I think this is intended to allow for a text file format consisting
of fixed-width records padded with blanks (think about punch
cards).
I'm trying to parse that section and it still doesn't make sense to
me. It says "whether space characters that ARE written out immediately
before a new-line character", which to me clearly says that the spaces
must land in the output file. Then it continues "appear when READ IN
is implementation-defined". So according to this C99 doesn't
guarantee that it can read all the characters in a line like
foo(space)(space)\n
and is free to return any of these:
foo(space)(space)\n
foo(space)\n (presumably, the spec doesn't exclude this)
foo\n
Right.
This seems even more daft than not writing the spaces out in the
first place! For instance, it means that getc() may return EITHER
(space) or \n following the foo and still be standard compliant???
Yes. It means that trailing spaces may be ignored on input.

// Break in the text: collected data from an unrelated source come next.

text \<open>Left twisting datum (K, lact, psi) for (sA, mA, uA):
  lact k a = k . a,  psi a = [(a_(-1), a_(0))].\<close>
definition left_twisting_datum ::
  "('k::field \<Rightarrow> 'a::ab_group_add \<Rightarrow> 'a) \<Rightarrow> ('a \<Rightarrow> 'a \<Rightarrow> 'a) \<Rightarrow> 'a
   \<Rightarrow> ('k \<Rightarrow> 'h::ab_group_add \<Rightarrow> 'h) \<Rightarrow> ('h \<Rightarrow> 'h \<Rightarrow> 'h) \<Rightarrow> 'h \<Rightarrow> ('h \<Rightarrow> ('h \<times> 'h) list) \<Rightarrow> ('h \<Rightarrow> 'k)
   \<Rightarrow> ('h \<Rightarrow> 'a \<Rightarrow> 'a) \<Rightarrow> ('a \<Rightarrow> ('h \<times> 'a) list) \<Rightarrow> bool" where
  "left_twisting_datum sA mA uA sK mK uK D e lact psi \<longleftrightarrow>
     kalg sA mA uA \<and> bialg sK mK uK D e
     \<comment> \<open>left K-module algebra\<close>
     \<and> (\<forall>k. klinear sA sA (\<lambda>a. lact k a)) \<and> (\<forall>a. klinear sK sA (\<lambda>k. lact k a))
     \<and> (\<forall>a. lact uK a = a) \<and> (\<forall>a k l. lact (mK k l) a = lact k (lact l a))
     \<and> (\<forall>a b k. lact k (mA a b) = sum_list (map (\<lambda>(k1,k2). mA (lact k1 a) (lact k2 b)) (D k)))
     \<and> (\<forall>k. lact k uA = sA (e k) uA)
     \<comment> \<open>left K-comodule algebra\<close>
     \<and> (\<forall>a b. teq2 sK sA (psi (a + b)) (psi a @ psi b))
     \<and> (\<forall>c a. teq2 sK sA (psi (sA c a)) (map (\<lambda>(y,x). (y, sA c x)) (psi a)))
     \<and> (\<forall>a. teq3 sK sK sA [(y, x1, x0). (y,x) \<leftarrow> psi a, (x1,x0) \<leftarrow> psi x]
                           [(y1, y2, x). (y,x) \<leftarrow> psi a, (y1,y2) \<leftarrow> D y])
     \<and> (\<forall>a. sum_list (map (\<lambda>(y,x). sA (e y) x) (psi a)) = a)
     \<and> (\<forall>a b. teq2 sK sA (psi (mA a b)) [(mK y w, mA x z). (y,x) \<leftarrow> psi a, (w,z) \<leftarrow> psi b])
     \<and> teq2 sK sA (psi uA) [(uK, uA)]
     \<comment> \<open>compatibility\<close>
     \<and> (\<forall>a k. teq2 sK sA (psi (lact k a)) (map (\<lambda>(y,x). (y, lact k x)) (psi a)))"

definition right_twisted_prod :: "('a \<Rightarrow> 'a \<Rightarrow> 'a) \<Rightarrow> ('a \<Rightarrow> 'h \<Rightarrow> 'a) \<Rightarrow> ('a \<Rightarrow> ('a \<times> 'h) list)
    \<Rightarrow> 'a \<Rightarrow> 'a \<Rightarrow> 'a::ab_group_add" where
  "right_twisted_prod mA act psi a b = sum_list (map (\<lambda>(x,y). mA (act a y) x) (psi b))"

definition left_twisted_prod :: "('a \<Rightarrow> 'a \<Rightarrow> 'a) \<Rightarrow> ('h \<Rightarrow> 'a \<Rightarrow> 'a) \<Rightarrow> ('a \<Rightarrow> ('h \<times> 'a) list)
    \<Rightarrow> 'a \<Rightarrow> 'a \<Rightarrow> 'a::ab_group_add" where
  "left_twisted_prod mA lact psi a b = sum_list (map (\<lambda>(y,x). mA x (lact y b)) (psi a))"

end

theory Submission
  imports Defs
begin

(*
  Tensors are represented by lists of simple tensors and compared against all scalar
  multilinear forms.  Since linear functionals separate points over a field, each such
  equation may be used inside a sum of an arbitrary multilinear expression with values in
  any vector space, which is all that the Sweedler-notation computations require.

  The Hopf-algebraic input is that S, hence S^-1, is an anti-algebra and anti-coalgebra map;
  in particular Delta (S^-1 h) = S^-1 h_2 (x) S^-1 h_1.  This is exactly what makes
  psi_l(a) = S^-1(a_<1>) (x) a_<0> coassociative and multiplicative for the opposite product
  of H; counitality and the compatibility with the action are inherited from psi_r.

  The antipode identities h_2 S^-1(h_1) = e(h) 1 = S^-1(h_2) h_1, applied after coassociativity
  of psi_r, show that lambda and lambda^-1 are mutually inverse.  For multiplicativity, the
  module-algebra axiom and the anti-comultiplicativity of S^-1 reduce both lambda(a <> b) and
  lambda(a) * lambda(b) to  (a_<0> . S^-1(a_<2>)) (b_<0> . S^-1(a_<1> b_<1>)).
*)

lemma vector_space_field_mult: "vector_space ((*) :: 'k::field \<Rightarrow> 'k \<Rightarrow> 'k)"
  by unfold_locales (auto simp: algebra_simps)

lemma klinear_add: "klinear s1 s2 f \<Longrightarrow> f (x + y) = f x + f y"
  unfolding klinear_def by blast

lemma klinear_scale: "klinear s1 s2 f \<Longrightarrow> f (s1 c x) = s2 c (f x)"
  unfolding klinear_def by blast

lemma klinear_zero: "klinear s1 s2 f \<Longrightarrow> f 0 = 0"
  by (metis add_cancel_right_right add_0 klinear_add)

lemma klinear_sum_list: "klinear s1 s2 f \<Longrightarrow> f (sum_list (map g xs)) = sum_list (map (\<lambda>x. f (g x)) xs)"
  by (induction xs) (auto simp: klinear_zero klinear_add)

lemma klinear_compose: "klinear s1 s2 g \<Longrightarrow> klinear s2 s3 f \<Longrightarrow> klinear s1 s3 (\<lambda>x. f (g x))"
  by (simp add: klinear_def)

lemma vector_space_scale_sum_list:
  assumes "vector_space s"
  shows "s c (sum_list (map f xs)) = sum_list (map (\<lambda>x. s c (f x)) xs)"
proof -
  interpret vector_space s by fact
  show ?thesis by (induction xs) (auto simp: scale_right_distrib)
qed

On output, it's not possible to tell whether a printed space is a
trailing space or not until the line is terminated with a new-line.
If you've printed the characters 'f', 'o', 'o', ' ', ' ', the system
doesn't know whether the next character you print will be another
space, a new-line, or some other character. If trailing spaces are
going to be ignored on input, the system has to keep track of spaces
as they're printed. But as soon as you print the new-line, the system
can drop your trailing spaces.
Or, more likely, the output line is always padded with trailing spaces
anyway. On input, the system can't tell whether those trailing spaces
were actually part of your output, or were just system-imposed
padding. The system is allowed to assume that they were
system-imposed padding and ignore them. (If you printed "foo\n", you
wouldn't want to see "foo \n" when you read the file.)
And what does this do to fsetpos() or especially fseek()? If an
implementation that drops trailing spaces is fseek'd to the first or
second space, does it return a \n in both cases?
On a system that ignores trailing spaces on input, you *can't* fseek()
to the first space, at least not using portable code. The input file
(which could have been an output file created by the same program)
will consistently appear to be a text file with no trailing spaces.
Remember that the result of fseek() for a text file doesn't
necessarily have a consistent physical meaning; it needn't be a count
of characters or bytes.
I'm still very confused. What exactly was the reason for this
clause in the standard? I use fixed width text fields all the time
and having the the language nip off the trailing spaces at will
would wreck a heck of a lot of code. For programs which expect a
series of strings of width N, it is common to check that each read
has in fact returned a string of that length, and if not to blow up
as that's a read error, not an acceptable variation induced by the
compiler.
You're not likely to run into a system that actually ignores trailing
spaces. If you do, your code that uses fixed-width text fields might
break, but only if you actually have spaces at the very end of a line.